08/04/2014 03:48 EDT | Actualisé 07/06/2014 05:12 EDT

First Air, la ligne aérienne du Nord canadien, a suspendu avec solde les pilotes d'un vol qui s'est écarté de centaines de kilomètres de son trajet jusqu'à ce qu'une enquête fasse la lumière sur cette histoire.

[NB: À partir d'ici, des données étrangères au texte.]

(* Let $C$ be a finite order SISO deterministic program with uniformly distributed secret input. Let $S=\{N\in\mathbb{N}^+ : |\mathcal{O}_N|\ge 2\}$, and assume $S\neq\emptyset$. Then for every $\alpha\in(0,\infty]$, $$0<\inf_{N\in S}\frac{IL_\alpha(C,N)}{T_\alpha(\mathbf{p}_N)}\le\sup_{N\in S}\frac{IL_\alpha(C,N)}{T_\alpha(\mathbf{p}_N)}<\infty.$$
   Context: A SISO deterministic program $C$ is a family indexed by $N\in\mathbb{N}^+$: for each $N$, a random variable $A$ uniformly distributed on $\mathcal{A}_N=\{0,1,\dots,N-1\}$, and a surjective map $F_N$ from $\mathcal{A}_N$ onto a finite set $\mathcal{O}_N$. The output is $O=F_N(A)$, and $\mathbf{p}_N$ denotes its distribution vector, so $\mathbf{p}_N(o)=|F_N^{-1}(o)|/N$. $C$ is of finite order (an FOP) if $\sup_N\|\mathbf{p}_N\|_0<\infty$, where $\|\mathbf{p}\|_0$ is the number of nonzero entries of $\mathbf{p}$; equivalently, $\sup_N|\mathcal{O}_N|<\infty$. For a probability vector $\mathbf{p}=(p_1,\dots,p_n)$ and $\alpha\in(0,\infty]$, the Rényi entropy is $H_\alpha(\mathbf{p})=\frac{1}{1-\alpha}\log\sum_i p_i^\alpha$ for $\alpha\notin\{1,\infty\}$. The limiting cases are $H_1(\mathbf{p})=-\sum_i p_i\log p_i$ and $H_\infty(\mathbf{p})=-\log\max_i p_i$. The $\alpha$-information leakage is $IL_\alpha(C,N)=H_\alpha(\mathbf{p}_N)$. With $p_1=\|\mathbf{p}\|_\infty=\max_i p_i$, define $$T_\alpha(\mathbf{p})=\begin{cases}1-p_1 & \text{if } \alpha>1 \text{ (including } \alpha=\infty),\\ -(1-p_1)\log(1-p_1) & \text{if } \alpha=1,\\ (1-p_1)^\alpha & \text{if } 0<\alpha<1.\end{cases}$$ *)

theory Defs
  imports "HOL-Analysis.Analysis"
begin

text \<open>A SISO deterministic program is given by a family of maps F N from
  {0..<N} to an output type; the output set O_N is the image (so F N is
  surjective onto O_N by construction).\<close>

definition outputs :: "(nat \<Rightarrow> nat \<Rightarrow> 'o) \<Rightarrow> nat \<Rightarrow> 'o set" where
  "outputs F N = F N ` {..<N}"

definition finite_order :: "(nat \<Rightarrow> nat \<Rightarrow> 'o) \<Rightarrow> bool" where
  "finite_order F \<longleftrightarrow> (\<exists>B. \<forall>N>0. card (outputs F N) \<le> B)"

definition pdist :: "(nat \<Rightarrow> nat \<Rightarrow> 'o) \<Rightarrow> nat \<Rightarrow> 'o \<Rightarrow> real" where
  "pdist F N y = real (card {a \<in> {..<N}. F N a = y}) / real N"

definition pmax :: "(nat \<Rightarrow> nat \<Rightarrow> 'o) \<Rightarrow> nat \<Rightarrow> real" where
  "pmax F N = Max (pdist F N ` outputs F N)"

text \<open>Renyi entropy (natural logarithm) of the output distribution, alpha in (0,\<infinity>].
  Sums range over the support O_N (all entries nonzero).\<close>
definition renyi :: "ereal \<Rightarrow> (nat \<Rightarrow> nat \<Rightarrow> 'o) \<Rightarrow> nat \<Rightarrow> real" where
  "renyi \<alpha> F N =
    (if \<alpha> = \<infinity> then - ln (pmax F N)
     else if \<alpha> = 1 then - (\<Sum>y\<in>outputs F N. pdist F N y * ln (pdist F N y))
     else (1 / (1 - real_of_ereal \<alpha>)) *
          ln (\<Sum>y\<in>outputs F N. pdist F N y powr real_of_ereal \<alpha>))"

definition leakage :: "ereal \<Rightarrow> (nat \<Rightarrow> nat \<Rightarrow> 'o) \<Rightarrow> nat \<Rightarrow> real" where
  "leakage \<alpha> F N = renyi \<alpha> F N"

definition Tfun :: "ereal \<Rightarrow> (nat \<Rightarrow> nat \<Rightarrow> 'o) \<Rightarrow> nat \<Rightarrow> real" where
  "Tfun \<alpha> F N =
    (let p1 = pmax F N in
     if \<alpha> > 1 then 1 - p1
     else if \<alpha> = 1 then - (1 - p1) * ln (1 - p1)
     else (1 - p1) powr real_of_ereal \<alpha>)"

end

theory Submission
  imports Defs
begin

text \<open>Let M be the largest output probability and q = 1 - M the mass off a mode.
  If the support has between 2 and n points, then 1/n \<le> M < 1 and every Renyi entropy is
  squeezed between multiples of T_\<alpha> whose factors depend only on \<alpha> and n:
  for \<alpha> > 1 the power sum lies between M^\<alpha> and M^(\<alpha>-1), and -ln M is comparable to q;
  for \<alpha> = 1 the off-mode outcomes contribute between -q ln q and n q - q ln q;
  for \<alpha> < 1 the power sum lies between M + q^\<alpha> and 1 + n q^\<alpha>.
  A finite order program has a uniform bound n on |O_N|, so IL_\<alpha>/T_\<alpha> stays in a
  fixed interval [c, C] with c > 0.\<close>

lemma neg_mult_ln_le:
  fixes x q :: real
  assumes "0 < x" "0 < q"
  shows "- x * ln x \<le> q - x - x * ln q"
proof -
  have "ln q - ln x \<le> q / x - 1"
    using ln_le_minus_one[of "q / x"] assms by (simp add: ln_div)
  then have "x * (ln q - ln x) \<le> x * (q / x - 1)"
    using assms by (intro mult_left_mono) auto
  then show ?thesis
    using assms by (simp add: algebra_simps)
qed

lemma half_le_ln_one_plus:
  fixes x :: real
  assumes "0 \<le> x" "x \<le> 1"
  shows "x / 2 \<le> ln (1 + x)"
proof -
  have "x / 2 \<le> x / (1 + x)"
    using assms by (intro divide_left_mono) auto
  also have "\<dots> \<le> ln (1 + x)"
    using ln_le_minus_one[of "1 / (1 + x)"] assms by (simp add: ln_div field_simps)
  finally show ?thesis .
qed

lemma one_minus_powr_pos:
  assumes "1 \<le> n" "0 < b"
  shows "0 < 1 - (1 - 1 / real n) powr b"
proof -
  have "(1 - 1 / real n) powr b < 1 powr b"
    using assms by (intro powr_less_mono2) auto
  then show ?thesis
    by simp
qed

locale finite_distribution =
  fixes Os :: "'a set" and p :: "'a \<Rightarrow> real"
  assumes finite_support: "finite Os"
    and prob_pos: "\<And>y. y \<in> Os \<Longrightarrow> 0 < p y"
    and sum_prob: "sum p Os = 1"
begin

definition max_prob :: real where
  "max_prob = Max (p ` Os)"

lemma support_nonempty: "Os \<noteq> {}"
  using sum_prob by auto

lemma prob_le_max_prob: "y \<in> Os \<Longrightarrow> p y \<le> max_prob"
  unfolding max_prob_def using finite_support by simp

lemma max_prob_attained:
  obtains y where "y \<in> Os" "p y = max_prob"
proof -
  have "max_prob \<in> p ` Os"
    unfolding max_prob_def using finite_support support_nonempty by (intro Max_in) auto
  then show thesis
    using that by auto
qed

lemma max_prob_pos: "0 < max_prob"
proof -
  obtain y where "y \<in> Os" "p y = max_prob"
    by (rule max_prob_attained)
  then show ?thesis
    using prob_pos by force
qed

lemma inverse_card_le_max_prob: "1 / real (card Os) \<le> max_prob"
proof -
  have "1 \<le> real (card Os) * max_prob"
    using sum_bounded_above[of Os p max_prob, OF prob_le_max_prob] sum_prob by simp
  moreover have "0 < card Os"
    using finite_support support_nonempty by (simp add: card_gt_0_iff)
  ultimately show ?thesis
    by (simp add: divide_le_eq mult.commute)
qed

lemma sum_remove_mode:
  assumes "y \<in> Os" "p y = max_prob"
  shows "sum p (Os - {y}) = 1 - max_prob"
  using sum.remove[OF finite_support assms(1), of p] assms sum_prob by simp

lemma prob_le_one_minus_max_prob:
  assumes "y \<in> Os" "p y = max_prob" "z \<in> Os - {y}"
  shows "p z \<le> 1 - max_prob"
  using member_le_sum[of z "Os - {y}" p] assms finite_support prob_pos sum_remove_mode
  by (simp add: less_imp_le)

lemma power_sum_bounds_gt1:
  assumes "1 < a"
  shows "max_prob powr a \<le> (\<Sum>y\<in>Os. p y powr a)"
    and "(\<Sum>y\<in>Os. p y powr a) \<le> max_prob powr (a - 1)"
proof -
  obtain y where y: "y \<in> Os" "p y = max_prob"
    by (rule max_prob_attained)
  show "max_prob powr a \<le> (\<Sum>y\<in>Os. p y powr a)"
    using member_le_sum[of y Os "\<lambda>y. p y powr a"] y finite_support by simp
  have "(\<Sum>y\<in>Os. p y powr a) = (\<Sum>y\<in>Os. p y * p y powr (a - 1))"
    using prob_pos by (intro sum.cong) (simp_all add: powr_mult_base less_imp_le)
  also have "\<dots> \<le> (\<Sum>y\<in>Os. p y * max_prob powr (a - 1))"
    using prob_pos prob_le_max_prob assms
    by (intro sum_mono mult_left_mono powr_mono2) (auto simp: less_imp_le)
  also have "\<dots> = max_prob powr (a - 1)"
    using sum_prob by (simp add: sum_distrib_right[symmetric])
  finally show "(\<Sum>y\<in>Os. p y powr a) \<le> max_prob powr (a - 1)" .
qed

lemma entropy_remove_mode:
  assumes "y \<in> Os" "p y = max_prob"
  shows "- (\<Sum>z\<in>Os. p z * ln (p z)) = - max_prob * ln max_prob + (\<Sum>z\<in>Os - {y}. - p z * ln (p z))"
  using sum.remove[OF finite_support assms(1), of "\<lambda>z. p z * ln (p z)"] assms
  by (simp add: sum_negf)

end

locale nontrivial_distribution = finite_distribution +
  fixes n :: nat
  assumes two_le_card: "2 \<le> card Os"
    and card_le: "card Os \<le> n"
begin

lemma max_prob_less_one: "max_prob < 1"
proof -
  obtain y where y: "y \<in> Os" "p y = max_prob"
    by (rule max_prob_attained)
  have "card (Os - {y}) = card Os - 1"
    using y finite_support by simp
  then have "Os - {y} \<noteq> {}"
    using two_le_card by (intro notI) simp
  then have "0 < sum p (Os - {y})"
    using finite_support prob_pos by (intro sum_pos) auto
  then show ?thesis
    using sum_remove_mode[OF y] by simp
qed

lemma inverse_le_max_prob: "1 / real n \<le> max_prob"
proof -
  have "1 / real n \<le> 1 / real (card Os)"
    using card_le two_le_card by (intro divide_left_mono) auto
  then show ?thesis
    using inverse_card_le_max_prob by linarith
qed

lemma card_remove_mode_le: "y \<in> Os \<Longrightarrow> real (card (Os - {y})) \<le> real n"
  using card_le finite_support by simp

lemma neg_ln_max_prob_bounds:
  "1 - max_prob \<le> - ln max_prob"
  "- ln max_prob \<le> real n * (1 - max_prob)"
proof -
  have M: "0 < max_prob" "1 / real n \<le> max_prob"
    using max_prob_pos inverse_le_max_prob by auto
  show "1 - max_prob \<le> - ln max_prob"
    using ln_le_minus_one[OF M(1)] by simp
  have "- ln max_prob \<le> 1 / max_prob - 1"
    using ln_le_minus_one[of "1 / max_prob"] M by (simp add: ln_div)
  also have "\<dots> = 1 / max_prob * (1 - max_prob)"
    using M by (simp add: field_simps)
  also have "\<dots> \<le> real n * (1 - max_prob)"
    using M max_prob_less_one two_le_card card_le
    by (intro mult_right_mono) (auto simp: divide_le_eq mult.commute)
  finally show "- ln max_prob \<le> real n * (1 - max_prob)" .
qed


lemma renyi_gt1_bounds:
  assumes "1 < a"
  defines "H \<equiv> 1 / (1 - a) * ln (\<Sum>y\<in>Os. p y powr a)"
  shows "1 - max_prob \<le> H"
    and "H \<le> a / (a - 1) * real n * (1 - max_prob)"
proof -
  define S where "S = (\<Sum>y\<in>Os. p y powr a)"
  have M: "0 < max_prob"
    by (rule max_prob_pos)
  have S: "max_prob powr a \<le> S" "S \<le> max_prob powr (a - 1)"
    using power_sum_bounds_gt1[OF assms(1)] unfolding S_def by auto
  have S_pos: "0 < S"
    using S(1) M powr_gt_zero[of max_prob a] by linarith
  have lnS: "a * ln max_prob \<le> ln S" "ln S \<le> (a - 1) * ln max_prob"
    using ln_mono[OF S(1)] ln_mono[OF S(2) S_pos] M by simp_all
  have H: "H = - ln S / (a - 1)"
    using assms(1) unfolding H_def S_def by (simp add: field_simps)
  have "- ln max_prob \<le> H"
    unfolding H using lnS(2) assms(1) by (simp add: divide_le_eq mult.commute)
  moreover have "H \<le> a / (a - 1) * - ln max_prob"
    unfolding H using lnS(1) assms(1) by (simp add: divide_le_eq le_divide_eq mult.commute)
  moreover have "a / (a - 1) * - ln max_prob \<le> a / (a - 1) * (real n * (1 - max_prob))"
    using neg_ln_max_prob_bounds(2) assms(1) by (intro mult_left_mono) auto
  ultimately show "1 - max_prob \<le> H" "H \<le> a / (a - 1) * real n * (1 - max_prob)"
    using neg_ln_max_prob_bounds(1) by auto
qed

lemma shannon_bounds:
  defines "T \<equiv> - (1 - max_prob) * ln (1 - max_prob)"
    and "H \<equiv> - (\<Sum>y\<in>Os. p y * ln (p y))"
  shows "0 < T" "T \<le> H" "H \<le> (real n * real n + 1) * T"
proof -
  obtain y where y: "y \<in> Os" "p y = max_prob"
    by (rule max_prob_attained)
  define q where "q = 1 - max_prob"
  have q: "0 < q" "q < 1"
    using max_prob_less_one max_prob_pos unfolding q_def by auto
  have residual: "sum p (Os - {y}) = q"
    using sum_remove_mode[OF y] unfolding q_def .
  have T: "T = (\<Sum>z\<in>Os - {y}. - p z * ln q)"
    unfolding T_def q_def[symmetric] using residual by (simp add: sum_negf sum_distrib_right[symmetric])
  have H: "H = - max_prob * ln max_prob + (\<Sum>z\<in>Os - {y}. - p z * ln (p z))"
    unfolding H_def by (rule entropy_remove_mode[OF y])
  show "0 < T"
    unfolding T_def q_def[symmetric] using q by (simp add: mult_pos_neg)
  have "0 \<le> - max_prob * ln max_prob"
    using max_prob_pos max_prob_less_one by (intro mult_nonpos_nonpos) auto
  moreover have "(\<Sum>z\<in>Os - {y}. - p z * ln q) \<le> (\<Sum>z\<in>Os - {y}. - p z * ln (p z))"
    using prob_pos prob_le_one_minus_max_prob[OF y] unfolding q_def
    by (intro sum_mono mult_left_mono_neg ln_mono) (auto simp: less_imp_le)
  ultimately show "T \<le> H"
    unfolding H T by simp
  have "- max_prob * ln max_prob \<le> q"
    using neg_mult_ln_le[of max_prob 1] max_prob_pos unfolding q_def by simp
  moreover have "(\<Sum>z\<in>Os - {y}. - p z * ln (p z)) \<le> (\<Sum>z\<in>Os - {y}. q - p z - p z * ln q)"
    using neg_mult_ln_le prob_pos q by (intro sum_mono) auto
  moreover have "(\<Sum>z\<in>Os - {y}. q - p z - p z * ln q) = real (card (Os - {y})) * q - q + T"
    unfolding T using residual by (simp add: sum_subtractf sum_negf sum_distrib_right[symmetric])
  moreover have "real (card (Os - {y})) * q \<le> real n * q"
    using card_remove_mode_le[OF y(1)] q by (intro mult_right_mono) auto
  ultimately have "H \<le> real n * q + T"
    unfolding H by linarith
  moreover have "q \<le> real n * T"
  proof -
    have "1 / real n \<le> - ln q"
      using inverse_le_max_prob ln_le_minus_one[OF q(1)] unfolding q_def by linarith
    then have "q * (1 / real n) \<le> q * - ln q"
      using q by (intro mult_left_mono) auto
    then have "q / real n \<le> T"
      unfolding T_def q_def[symmetric] by simp
    then show ?thesis
      using two_le_card card_le by (simp add: divide_le_eq mult.commute)
  qed
  ultimately show "H \<le> (real n * real n + 1) * T"
    using mult_left_mono[of q "real n * T" "real n"] by (simp add: algebra_simps)
qed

Par voie de communiqué, le transporteur aérien dit avoir lancé une enquête dès qu'il a appris, la semaine dernière, l'incident survenu lors de ce vol de Ranking Inlet à Iqaluit, au Nunavut. Le Boeing 737-200 transportait 19 passagers et 4 employés.

Le communiqué déclare que les passagers et le personnel n'ont jamais été en danger et que « le vol a atterri sans autre incident ».

Le Bureau de la sécurité des transports du Canada (BST) est impliqué dans le dossier. First Air a d'ailleurs dit vouloir travailler de pair avec l'instance gouvernementale dans le cadre de l'enquête.

Le fil des événements

Selon le BST, l'avion a quitté comme prévu Rankin Inlet, à l'ouest de la baie d'Hudson, le 31 mars, mais s'est dirigé vers le nord-est au lieu d'aller directement à Iqaluit, ville située à l'est.

Le directeur régional de la BST à Winnipeg, Peter Hildebrand, a expliqué que le Boeing volait en utilisant le pilote automatique jusqu'au moment où les pilotes se sont rendu compte qu'ils n'avaient pas été transférés du contrôle de la circulation aérienne d'Edmonton à celui de Montréal.

À ce moment, ils étaient incapables d'établir la transmission avec Montréal. C'est un autre avion qui leur a relayé un message des contrôleurs aériens de la métropole québécoise. « Ils ont alors réinitialisé leurs instruments et ont procédé directement à Iqaluit », a indiqué M. Hildebrand.  

Du personnel d'entretien de First Air a inspecté l'appareil et son système GPS à son arrivée à Iqaluit. Ils n'ont trouvé aucune défaillance et ont permis aux pilotes de poursuivre leur route, qui repassait à Rankin Inlet pour se terminer à Yellowknife, dans les Territoires du Nord-Ouest.

Risques

Selon Hildebrand, lorsqu'un avion s'éloigne de sa route prévue, il y a « le risque de se retrouver à proximité d'autres appareils ». 

Bien que ce ne fût pas le cas du vol concerné, qui avait assez d'essence pour se rendre jusqu'au Labrador, il y a aussi possibilité de se retrouver à court de carburant si la distance parcourue dépasse de beaucoup la distance prévue.

Dans le cadre de son enquête, First Air fera une révision des procédures pour comprendre ce qui s'est passé et pourquoi. Une des premières étapes est d'observer comment les pilotes ont programmé le système de gestion du vol à bord.

De son côté, le BST n'a pas lancé d'enquête indépendante, mais il gardera un œil sur celle de First Air, a expliqué Hildebrand.

Il ajoute que l'enquête pourrait être ardue, puisqu'il n'est pas assuré qu'il sera possible de « recréer toutes les circonstances de ce qui s'est passé ».